[Stored items]
lemma finite_eigenvalues_symmetric:
  fixes M :: "real^'n^'n"
  assumes sym: "transpose M = M"
  shows "finite {c. \<exists>v. v \<noteq> 0 \<and> M *v v = c *\<^sub>R v}"
proof -
  define E where "E = {c. \<exists>v. v \<noteq> 0 \<and> M *v v = c *\<^sub>R v}"
  define e where "e c = (SOME v. v \<noteq> 0 \<and> M *v v = c *\<^sub>R v)" for c
  have e: "e c \<noteq> 0 \<and> M *v e c = c *\<^sub>R e c" if "c \<in> E" for c
  proof -
    from that have "\<exists>v. v \<noteq> 0 \<and> M *v v = c *\<^sub>R v" unfolding E_def by simp
    then show ?thesis unfolding e_def by (rule someI_ex)
  qed
  have inj: "inj_on e E"
  proof (rule inj_onI)
    fix a b assume a: "a \<in> E" and b: "b \<in> E" and eq: "e a = e b"
    have "a *\<^sub>R e a = b *\<^sub>R e a" using e[OF a] e[OF b] eq by metis
    then show "a = b" using e[OF a] by simp
  qed
  have "pairwise orthogonal (e ` E)"
  proof (rule pairwiseI)
    fix x y assume x: "x \<in> e ` E" and y: "y \<in> e ` E" and xy: "x \<noteq> y"
    from x obtain a where a: "a \<in> E" "x = e a" by blast
    from y obtain b where b: "b \<in> E" "y = e b" by blast
    have "a * (x \<bullet> y) = (M *v x) \<bullet> y" using e[OF a(1)] a(2) by simp
    also have "\<dots> = x \<bullet> (M *v y)" by (rule inner_matrix_vector_symmetric[OF sym, symmetric])
    also have "\<dots> = b * (x \<bullet> y)" using e[OF b(1)] b(2) by simp
    finally have "(a - b) * (x \<bullet> y) = 0" by (simp add: algebra_simps)
    moreover have "a \<noteq> b" using xy a b by blast
    ultimately show "orthogonal x y" by (simp add: orthogonal_def)
  qed
  moreover have "0 \<notin> e ` E" using e by auto
  ultimately have "independent (e ` E)" using pairwise_orthogonal_independent by blast
  then have "finite (e ` E)" using independent_bound by blast
  then show ?thesis using inj finite_imageD unfolding E_def by blast
qed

**Problem**
Would you please copy every line in the data that contains the word "blast"?

**Answer box**
    from x obtain a where a: "a \<in> E" "x = e a" by blast
    from y obtain b where b: "b \<in> E" "y = e b" by blast
    moreover have "a \<noteq> b" using xy a b by blast
  ultimately have "independent (e ` E)" using pairwise_orthogonal_independent by blast
  then have "finite (e ` E)" using independent_bound by blast
  then show ?thesis using inj finite_imageD unfolding E_def by blast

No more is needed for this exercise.